As many remember, in the United States it used to be required to abstain from meat every Friday of the year. In 1966 a statement was issued by the National Conference of Bishops that removed this particular requirement (except for Ash Wednesday and Lenten Fridays). The goal of this was not to remove the spiritual significance of Friday. The Bishops saw that for many people the practice of abstaining from meat had lost its meaning. They encouraged creativity to find new ways to make Friday special – whether that meant giving up something that was more personally significant, engaging more fully in prayer/piety, or seeking opportunities for works of charity. Here is an excerpt from the 1966 statement:

Every Catholic Christian understands that the fast and abstinence regulations admit of change, unlike the commandments and precepts of that unchanging divine moral law which the Church must today and always defend as immutable. This said, we emphasize that our people are henceforth free from the obligation traditionally binding under pain of sin in what pertains to Friday abstinence, except as noted above for Lent. We stress this so that no scrupulosity will enter into examinations of conscience, confessions, or personal decisions on this point… Friday, please God, will acquire among us other forms of penitential witness which may become as much a part of the devout way of life in the future as Friday abstinence from meat…

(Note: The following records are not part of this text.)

lemma dist_neighbour_last:
  assumes "i < length p" "{y, p ! i} \<in> E"
  obtains b where "dist E y v = enat b" "length p - 1 - i \<le> b + 1"
proof -
  have "walk_len E (p ! i) (p ! (length p - 1)) (length p - 1 - i)"
    using walk_len_segment[OF path_edges, of i "length p - 1"] assms by simp
  then have "walk_len E y v (Suc (length p - 1 - i))"
    using assms(2) nth_last by (auto intro: walk_len_step)
  then obtain b where b: "dist E y v = enat b"
    using dist_le_walk_len by (metis enat_ile)
  then have "walk_len E (p ! i) (p ! (length p - 1)) (Suc b)"
    using assms(2) nth_last by (auto intro: walk_len_step walk_len_dist simp: insert_commute)
  then have "length p - 1 - i \<le> b + 1"
    using index_distance_le[of i "length p - 1"] assms(1) by simp
  with b show ?thesis using that by blast
qed

end

definition neighbours :: "nat set set \<Rightarrow> nat \<Rightarrow> nat set" where
  "neighbours H x = {y. {x, y} \<in> H}"

definition degree :: "nat set set \<Rightarrow> nat \<Rightarrow> nat" where
  "degree H x = card (neighbours H x)"

lemma finite_edges: "simple_graph V E \<Longrightarrow> finite E"
  unfolding simple_graph_def by (meson Pow_iff finite_Pow_iff finite_subset subsetI)

lemma edge_subset_vertices: "simple_graph V E \<Longrightarrow> {x, y} \<in> E \<Longrightarrow> x \<in> V \<and> y \<in> V"
  unfolding simple_graph_def by blast

lemma neighbours_subset: "simple_graph V E \<Longrightarrow> H \<subseteq> E \<Longrightarrow> neighbours H x \<subseteq> V"
  unfolding neighbours_def using edge_subset_vertices by blast

lemma finite_neighbours: "simple_graph V E \<Longrightarrow> H \<subseteq> E \<Longrightarrow> finite (neighbours H x)"
  using neighbours_subset simple_graph_def finite_subset by metis

lemma card_Un_path_edges_le:
  assumes "finite H"
  shows "card (H \<union> path_edges p) \<le> card H + card {j. Suc j < length p \<and> {p ! j, p ! Suc j} \<notin> H}"
    (is "_ \<le> _ + card ?J")
proof -
  have eq: "H \<union> path_edges p = H \<union> (\<lambda>j. {p ! j, p ! Suc j}) ` ?J"
    unfolding path_edges_def by blast
  have "finite ?J" by (rule finite_subset[of _ "{..<length p}"]) auto
  have "card (H \<union> path_edges p) \<le> card H + card ((\<lambda>j. {p ! j, p ! Suc j}) ` ?J)"
    unfolding eq by (rule card_Un_le)
  also have "\<dots> \<le> card H + card ?J"
    using card_image_le[OF \<open>finite ?J\<close>] by (rule add_left_mono)
  finally show ?thesis .
qed

lemma sum_add_le_sum_subset:
  fixes g h :: "'a \<Rightarrow> nat"
  assumes "finite V" "X \<subseteq> V" "\<forall>x\<in>V - X. g x \<le> h x" "sum g X + k \<le> sum h X"
  shows "sum g V + k \<le> sum h V"
proof -
  have "sum g (V - X) \<le> sum h (V - X)" using assms(3) by (intro sum_mono) blast
  then show ?thesis using assms(1,2,4) sum.subset_diff[of X V g] sum.subset_diff[of X V h] by simp
qed
definition As :: "('m::finite \<Rightarrow> 'm \<Rightarrow> real) \<Rightarrow> real \<Rightarrow> 'm \<Rightarrow> 'm \<Rightarrow> real" where
  "As Ws \<theta> m m' = Ws m m' powr (1 - \<theta>)"

definition Ac :: "('x::{ab_group_add,finite} \<times> 'z::finite \<Rightarrow> 'x \<times> 'z \<Rightarrow> real) \<Rightarrow> real \<Rightarrow>
                  'x \<times> 'z \<Rightarrow> 'x \<times> 'z \<Rightarrow> real" where
  "Ac Wc \<theta> a b = Wc a b powr (1 - \<theta>) * WcZ Wc (snd a) (snd b) powr \<theta>"

(* theta * H^{W_s}_{1-theta}(M) *)
definition thetaH_s :: "('m::finite \<Rightarrow> 'm \<Rightarrow> real) \<Rightarrow> real \<Rightarrow> real" where
  "thetaH_s Ws \<theta> = ln (pf_eigval (As Ws \<theta>))"

(* theta * H^{W_c,down}_{1-theta}(X|Z) *)
definition thetaH_c :: "('x::{ab_group_add,finite} \<times> 'z::finite \<Rightarrow> 'x \<times> 'z \<Rightarrow> real) \<Rightarrow> real \<Rightarrow> real" where
  "thetaH_c Wc \<theta> = ln (pf_eigval (Ac Wc \<theta>))"

definition U_fn :: "('m::finite \<Rightarrow> 'm \<Rightarrow> real) \<Rightarrow> ('x::{ab_group_add,finite} \<times> 'z::finite \<Rightarrow> 'x \<times> 'z \<Rightarrow> real)
                    \<Rightarrow> real \<Rightarrow> real \<Rightarrow> real" where
  "U_fn Ws Wc r \<theta> = r * thetaH_s Ws \<theta> + thetaH_c Wc \<theta>"

definition delta_s :: "('m::finite \<Rightarrow> real) \<Rightarrow> ('m \<Rightarrow> 'm \<Rightarrow> real) \<Rightarrow> real \<Rightarrow> real" where
  "delta_s PM1 Ws \<theta> = ln (\<Sum>m\<in>UNIV. pf_vec (As Ws \<theta>) m * PM1 m powr (1 - \<theta>))"

definition PZ1 :: "('x::finite \<times> 'z \<Rightarrow> real) \<Rightarrow> 'z \<Rightarrow> real" where
  "PZ1 PXZ1 z = (\<Sum>x\<in>UNIV. PXZ1 (x, z))"

definition delta_c :: "(('x::{ab_group_add,finite} \<times> 'z::finite) \<Rightarrow> real) \<Rightarrow>
                       ('x \<times> 'z \<Rightarrow> 'x \<times> 'z \<Rightarrow> real) \<Rightarrow> real \<Rightarrow> real" where
  "delta_c PXZ1 Wc \<theta> = ln (\<Sum>a\<in>UNIV. pf_vec (Ac Wc \<theta>) a *
                              (PXZ1 a powr (1 - \<theta>) * PZ1 PXZ1 (snd a) powr \<theta>))"

definition elog :: "real \<Rightarrow> ereal" where
  "elog x = (if x = 0 then -\<infinity> else ereal (ln x))"

end

theory Submission
  imports Defs
begin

It would bring great glory to God and good to souls if Fridays found our people doing volunteer work in hospitals, visiting the sick, serving the needs of the aged and the lonely, instructing the young in the Faith, participating as Christians in community affairs, and meeting our obligations to our families, our friends, our neighbors, and our community, including our parishes, with a special zeal born of the desire to add the merit of penance to the other virtues exercised in good works born of living faith.

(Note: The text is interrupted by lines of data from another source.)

(* Let $n\ge 1$ be an integer and let $M=(M_0,\dots,M_{2n})^T\in\mathbb R^{2n+1}$. For $\sigma>0$ define $M^*(\sigma)=(M_0^*(\sigma),\dots,M_{2n}^*(\sigma))$ by $$M_j^*(\sigma)=\sum_{k=0}^j b_k\sigma^k\frac{j!}{(j-k)!}M_{j-k},$$ and set $P_n(\sigma;M)=\det H_n(M^*(\sigma))$. The following statements are equivalent: (i) There exists a unique $W=(w_1,u_1,\dots,w_n,u_n,\sigma)\in\Omega:=\Omega'\times\{\sigma>0\}$, where $$\Omega'=\{(w_1,u_1,\dots,w_n,u_n)\in\mathbb R^{2n}: w_i>0\ \forall i,\ u_1<\dots<u_n\},$$ such that $\mathcal M(W)=M$. (ii) The equation $P_n(\sigma;M)=0$ has a unique positive root $\sigma_0$ such that the Hankel matrix $H_{n-1}(M^*(\sigma_0))$ is positive definite.
   Context: Let $\mathcal K:\mathbb R\to[0,\infty)$ be a kernel with $\mathfrak m_j:=\int_{\mathbb R}\xi^j\mathcal K(\xi)\,d\xi<\infty$ for all $j\in\mathbb N$; the kernel is assumed normalized: $\mathfrak m_0=1$, $\mathfrak m_1=0$, $\mathfrak m_2=1$. For $u\in\mathbb R$, $\sigma>0$ let $\Delta_j(u,\sigma)=\int_{\mathbb R}\xi^j\frac1\sigma\mathcal K\!\left(\frac{\xi-u}{\sigma}\right)d\xi=\sum_{k=0}^j\binom jk\mathfrak m_k\sigma^ku^{j-k}$. For $W=(w_1,u_1,\dots,w_n,u_n,\sigma)$ with $\sigma>0$, the map $\mathcal M(W)=(M_0,\dots,M_{2n})^T$ is given by $M_j=\sum_{i=1}^n w_i\Delta_j(u_i,\sigma)$, $j=0,\dots,2n$. The numbers $b_j$ are defined recursively by $b_0=1$ and $b_j=-\sum_{k=1}^j\frac{\mathfrak m_k}{k!}b_{j-k}$ for $j\ge1$. For a vector $N=(N_0,\dots,N_{2n})$ and $k\le n$, the Hankel matrix $H_k(N)$ is the $(k+1)\times(k+1)$ matrix with $(p,q)$ entry $N_{p+q}$, $0\le p,q\le k$. *)

theory Defs
  imports "HOL-Analysis.Analysis" "Jordan_Normal_Form.Determinant"
begin

definition kmom :: "(real \<Rightarrow> real) \<Rightarrow> nat \<Rightarrow> real" where
  "kmom K j = (LINT x|lborel. x ^ j * K x)"

definition Delta :: "(nat \<Rightarrow> real) \<Rightarrow> nat \<Rightarrow> real \<Rightarrow> real \<Rightarrow> real" where
  "Delta m j u \<sigma> = (\<Sum>k\<le>j. real (j choose k) * m k * \<sigma> ^ k * u ^ (j - k))"

text \<open>The moment map, components w, u given as lists of length n (0-based indices).\<close>
definition Mmap :: "(nat \<Rightarrow> real) \<Rightarrow> real list \<Rightarrow> real list \<Rightarrow> real \<Rightarrow> nat \<Rightarrow> real" where
  "Mmap m w u \<sigma> j = (\<Sum>i<length w. w ! i * Delta m j (u ! i) \<sigma>)"

function bcoef :: "(nat \<Rightarrow> real) \<Rightarrow> nat \<Rightarrow> real" where
  "bcoef m j = (if j = 0 then 1
     else - (\<Sum>k\<in>{1..j}. m k / fact k * bcoef m (j - k)))"
  by pat_completeness auto
termination
  by (relation "Wellfounded.measure (\<lambda>(m, j). j)") auto

definition Mstar :: "(nat \<Rightarrow> real) \<Rightarrow> (nat \<Rightarrow> real) \<Rightarrow> real \<Rightarrow> nat \<Rightarrow> real" where
  "Mstar m M \<sigma> j = (\<Sum>k\<le>j. bcoef m k * \<sigma> ^ k * (fact j / fact (j - k)) * M (j - k))"

definition hankel :: "nat \<Rightarrow> (nat \<Rightarrow> real) \<Rightarrow> real mat" where
  "hankel k N = Matrix.mat (k + 1) (k + 1) (\<lambda>(p, q). N (p + q))"

definition pos_def_mat :: "real mat \<Rightarrow> bool" where
  "pos_def_mat A \<longleftrightarrow> A \<in> carrier_mat (dim_row A) (dim_row A) \<and> A\<^sup>T = A \<and>
     (\<forall>v \<in> carrier_vec (dim_row A). v \<noteq> 0\<^sub>v (dim_row A) \<longrightarrow> v \<bullet> (A *\<^sub>v v) > 0)"
lemma grid_bracket:
  assumes x: "x \<in> PiE A (\<lambda>_. {0..1})" and K: "0 < K"
  obtains lo hi where "lo \<in> grid K A" "hi \<in> grid K A"
    "\<And>k. k \<in> A \<Longrightarrow> lo k \<le> x k \<and> x k \<le> hi k \<and> hi k - lo k \<le> 1 / real K"
proof -
  have "0 \<le> x k" "x k \<le> 1" if "k \<in> A" for k
    using x that by (auto simp: PiE_def Pi_def)
  note bracket = floor_ceiling_grid_bracket[OF this K]
  define lo where "lo = (\<lambda>k\<in>A. real (nat \<lfloor>real K * x k\<rfloor>) / real K)"
  define hi where "hi = (\<lambda>k\<in>A. real (nat \<lceil>real K * x k\<rceil>) / real K)"
  have "lo \<in> grid K A" "hi \<in> grid K A"
    unfolding grid_def lo_def hi_def using bracket(1,2) by auto
  moreover have "\<And>k. k \<in> A \<Longrightarrow> lo k \<le> x k \<and> x k \<le> hi k \<and> hi k - lo k \<le> 1 / real K"
    unfolding lo_def hi_def using bracket(3-5) by simp
  ultimately show ?thesis by (rule that)
qed

lemma disc_le_grid_disc:
  assumes A: "finite A" and K: "0 < K"
  shows "disc m Xm A \<le> grid_disc m Xm A K + real (card A) / real K"
  unfolding disc_eq_SUP_emp_cdf
proof (rule cSUP_least)
  show "PiE A (\<lambda>_. {0..1::real}) \<noteq> {}" by (simp add: PiE_eq_empty_iff)
  fix x :: "nat \<Rightarrow> real" assume x: "x \<in> PiE A (\<lambda>_. {0..1})"
  obtain lo hi where grid_pts: "lo \<in> grid K A" "hi \<in> grid K A"
    and bracket: "\<And>k. k \<in> A \<Longrightarrow> lo k \<le> x k \<and> x k \<le> hi k \<and> hi k - lo k \<le> 1 / real K"
    using grid_bracket[OF x K] by blast
  have on_grid: "\<bar>emp_cdf m Xm A g - (\<Prod>k\<in>A. g k)\<bar> \<le> grid_disc m Xm A K" if "g \<in> grid K A" for g
    unfolding grid_disc_def using that finite_grid[OF A] by (intro Max_ge) auto
  have unit: "0 \<le> lo k" "hi k \<le> 1" if "k \<in> A" for k
    using grid_pts that grid_subset_cube by (auto simp: PiE_def Pi_def)
  have "emp_cdf m Xm A lo \<le> emp_cdf m Xm A x" "emp_cdf m Xm A x \<le> emp_cdf m Xm A hi"
    using bracket by (auto intro!: emp_cdf_mono)
  moreover have "(\<Prod>k\<in>A. lo k) \<le> (\<Prod>k\<in>A. x k)" "(\<Prod>k\<in>A. x k) \<le> (\<Prod>k\<in>A. hi k)"
    using bracket unit by (auto intro!: prod_mono intro: order.trans)
  moreover have "\<bar>(\<Prod>k\<in>A. hi k) - (\<Prod>k\<in>A. lo k)\<bar> \<le> real (card A) / real K"
  proof -
    have "\<bar>hi k\<bar> \<le> 1" "\<bar>lo k\<bar> \<le> 1" if "k \<in> A" for k
      using bracket[OF that] unit[OF that] by auto
    then have "\<bar>(\<Prod>k\<in>A. hi k) - (\<Prod>k\<in>A. lo k)\<bar> \<le> (\<Sum>k\<in>A. \<bar>hi k - lo k\<bar>)"
      using norm_prod_diff[of A hi lo] by simp
    also have "\<dots> \<le> (\<Sum>k\<in>A. 1 / real K)"
      using bracket by (intro sum_mono) (fastforce simp: abs_le_iff)
    finally show ?thesis by simp
  qed
  ultimately show "\<bar>emp_cdf m Xm A x - (\<Prod>k\<in>A. x k)\<bar> \<le> grid_disc m Xm A K + real (card A) / real K"
    using on_grid[OF grid_pts(1)] on_grid[OF grid_pts(2)] by (simp add: abs_le_iff)
qed

lemma grid_disc_le_disc:
  assumes A: "finite A"
  shows "grid_disc m Xm A K \<le> disc m Xm A"
proof -
  have "\<bar>emp_cdf m Xm A x - (\<Prod>k\<in>A. x k)\<bar> \<le> 1" if "x \<in> PiE A (\<lambda>_. {0..1})" for x
  proof -
    have "0 \<le> (\<Prod>k\<in>A. x k)" "(\<Prod>k\<in>A. x k) \<le> 1"
      using that by (auto intro!: prod_nonneg prod_le_1 simp: PiE_def Pi_def)
    then show ?thesis using emp_cdf_nonneg[of m Xm A x] emp_cdf_le_1[of m Xm A x] by (simp add: abs_le_iff)
  qed
  then have bdd: "bdd_above ((\<lambda>x. \<bar>emp_cdf m Xm A x - (\<Prod>k\<in>A. x k)\<bar>) ` PiE A (\<lambda>_. {0..1}))"
    by (intro bdd_aboveI2)
  have "\<bar>emp_cdf m Xm A g - (\<Prod>k\<in>A. g k)\<bar> \<le> disc m Xm A" if "g \<in> grid K A" for g
    unfolding disc_eq_SUP_emp_cdf using that grid_subset_cube by (intro cSUP_upper[OF _ bdd]) blast
  then show ?thesis
    unfolding grid_disc_def using finite_grid[OF A] grid_nonempty by (intro Max.boundedI) auto
qed

lemma disc_exceeds_grid_deviation:
  assumes "finite A" "0 < K" "real (card A) / real K \<le> s / 2" "s < disc m Xm A"
  obtains g where "g \<in> grid K A" "s / 2 < \<bar>emp_cdf m Xm A g - (\<Prod>k\<in>A. g k)\<bar>"
proof -
  have "s / 2 < grid_disc m Xm A K"
    using disc_le_grid_disc[OF assms(1,2), of m Xm] assms(3,4) by linarith
  then show ?thesis
    unfolding grid_disc_def using that finite_grid[OF assms(1)] grid_nonempty
    by (subst (asm) Max_gr_iff) auto
qed

lemma borel_measurable_emp_cdf:
  assumes "finite A" and "\<And>i k. i \<in> {1..m} \<Longrightarrow> k \<in> A \<Longrightarrow> (\<lambda>\<omega>. Xw \<omega> i k) \<in> borel_measurable N"
  shows "(\<lambda>\<omega>. emp_cdf m (Xw \<omega>) A x) \<in> borel_measurable N"
  unfolding emp_cdf_eq_sum using assms
  by (intro borel_measurable_divide borel_measurable_const borel_measurable_sum measurable_If
      predE pred_intros_finite(3)) (auto simp: pred_def borel_measurable_le)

In summary, let it not be said that by this action, implementing the spirit of renewal coming out of the Council, we have abolished Friday, repudiated the holy traditions of our fathers, or diminished the insistence of the Church on the fact of sin and the need for penance. Rather, let it be proved by the spirit in which we enter upon prayer and penance, not excluding fast and abstinence freely chosen, that these present decisions and recommendations of this conference of bishops will herald a new birth of loving faith and more profound penitential conversion, by both of which we become one with Christ, mature sons of God, and servants of God’s people.

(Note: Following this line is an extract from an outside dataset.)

(* Let $F$ be a $4$-regular graph, let $D$ be a directed version of $F$, let $\mathbf{o}$ be a transitional orientation of $F$, and let $P$ be a circuit partition of $F$. Then for every closed walk $W$ of $F$, \[\sigma(D,W)\cdot \Delta_{D,\mathbf{o}}|_{\tau(P)} = \sigma(\mathrm{Tch}_{\mathbf{o}}(P),\pi_P(W)),\] where the $\sigma$-vectors are regarded as row vectors.
   Context: Graphs: $G=(V,H,E,\epsilon)$ with finite sets of vertices $V$ and half-edges $H$, a partition $E$ of $H$ into unordered pairs (edges), and $\epsilon:H\to V$; loops and multiple edges allowed. A directed version orders each edge as (tail, head). A single transition is an unordered pair of distinct half-edges incident with a common vertex; a directed single transition is such an ordered pair. A closed walk is a sequence $((h_1,h_2),\dots,(h_{n-1},h_n))$ of directed single transitions with $\{h_2,h_3\},\{h_4,h_5\},\dots,\{h_n,h_1\}$ edges, up to cyclic shift. For a directed version $D$ and closed walk $W$, $\sigma(D,W)\in\mathbb Z^{E}$ counts, at each edge $e$, traversals of $e$ along its direction minus traversals against it. A circuit is a nonempty closed walk using each half-edge at most once, with orientation forgotten. $F$ is $4$-regular if every vertex is incident with exactly $4$ half-edges. A transition at $v$ is a partition of the four half-edges at $v$ into two single transitions; $\mathfrak T(F)$ is the set of all transitions. A circuit partition $P$ is a set of circuits of $F$ such that every half-edge lies in exactly one single transition of exactly one circuit of $P$; $\tau(P)$ is the set of transitions both of whose single transitions occur in circuits of $P$ (one transition per vertex). The touch-graph $\mathrm{Tch}(P)$ has vertex set $P$, half-edge set the set of single transitions occurring in circuits of $P$, edge set $\tau(P)$ (each transition being a pair of single transitions), and maps each single transition to the circuit containing it. A transitional orientation $\mathbf o$ assigns to each $t\in\mathfrak T(F)$ one of its two single transitions $\mathbf o(t)$. $\mathrm{Tch}_{\mathbf o}(P)$ is the directed version of $\mathrm{Tch}(P)$ in which each edge $t$ has head $\mathbf o(t)$ and tail the other single transition of $t$. For a closed walk $W$ of $F$, $\pi_P(W)$ is obtained by replacing each directed single transition $(h,h')$ of $W$ by $(s,s')$, where $s,s'$ are the single transitions of circuits of $P$ containing $h$, $h'$ respectively, and deleting the pairs with $s=s'$; it is a closed walk of $\mathrm{Tch}(P)$ in which each remaining pair $(s,s')$ traverses the edge $\{s,s'\}\in\tau(P)$ from half-edge $s$ to half-edge $s'$. The edge-transition incidence matrix $\Delta_{D,\mathbf o}$ is the $E(F)\times\mathfrak T(F)$ matrix over $\mathbb Q$ whose $(e,t)$ entry is $1$ if $e\cap\mathbf o(t)=\{h\}$ with $h$ the tail of $e$ in $D$, $-1$ if $e\cap \mathbf o(t)=\{h\}$ with $h$ the head of $e$ in $D$, and $0$ otherwise. For $Y\subseteq\mathfrak T(F)$, $A|_Y$ denotes the column restriction to $Y$. *)

theory Defs
  imports Main "HOL.Rat"
begin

(I highly recommend reading the full text here-

Sadly the hopes of this document were not realized, and most Catholics are unaware of what this instruction actually said beyond removing the old requirement. Instead of renewing our practice and developing new methods (or embracing the old methods with personal commitment rather than obligation), the special character of Friday was almost completely lost. Yet, it remains part of the current practice of the Church. The current Code of Canon Law for the universal Church states:

The penitential days and times in the universal Church are every Friday of the whole year and the season of Lent. Abstinence from meat, or from some other food as determined by the Episcopal Conference, is to be observed on all Fridays, unless a solemnity should fall on a Friday. Abstinence and fasting are to be observed on Ash Wednesday and Good Friday. The conference of bishops can determine more precisely the observance of fast and abstinence as well as substitute other forms of penance, especially works of charity and exercises of piety, in whole or in part, for abstinence and fast. (canons 1250, 1251, and 1253)

What does this mean for us? It means that Friday is still called to be observed as a special day each week, even though the requirement to abstain from meat only applies during Lent in the United States. For other Fridays of the year we may freely choose what practice we will undertake, guided by the classic categories of Lent (prayer, fasting, and almsgiving/works of mercy).

By sharing this I don’t mean to just add another burden to your plate! Instead, I want to make this known because I see a deep wisdom in this. I have found in my own life the value of the weekly reminder to add a little more spiritual focus. It is good to have a plan for what we will do on Fridays, or for what intention we will offer our sacrifice. We all need spiritual discipline to really thrive at life and develop our faith.

Likewise, I think there is another important reminder in this text of canon law: we are preparing for a celebration! It points out that things are different on a solemnity. Fulton Sheen said that we can either practice a fast that leads to a feast, or a feast that leads to a headache! In other words, when we take the time for penitential days, the days of celebration have greater value. When we merely binge/indulge without structure, however, the true joy of the celebrations is lost. The end goal is to rejoice in the gift of salvation. For this reason, Sunday is never considered a day of fasting. Likewise, neither are Solemnities (first-class feast days), even when they fall on a Friday. An example of this is the Solemnity of St Joseph (March 19), which falls on a Friday this year – even though it is Lent, we are not required to abstain from meat (although prayer and works of mercy are still fitting!). As the book of Nehemiah says, “Do not be saddened this day, for rejoicing in the LORD is your strength!” (Nehemiah 8:10)

The Muppet Christmas Carol

[Week 4 of the “Imagination in Action” reflection series, Theme this week: Almsgiving]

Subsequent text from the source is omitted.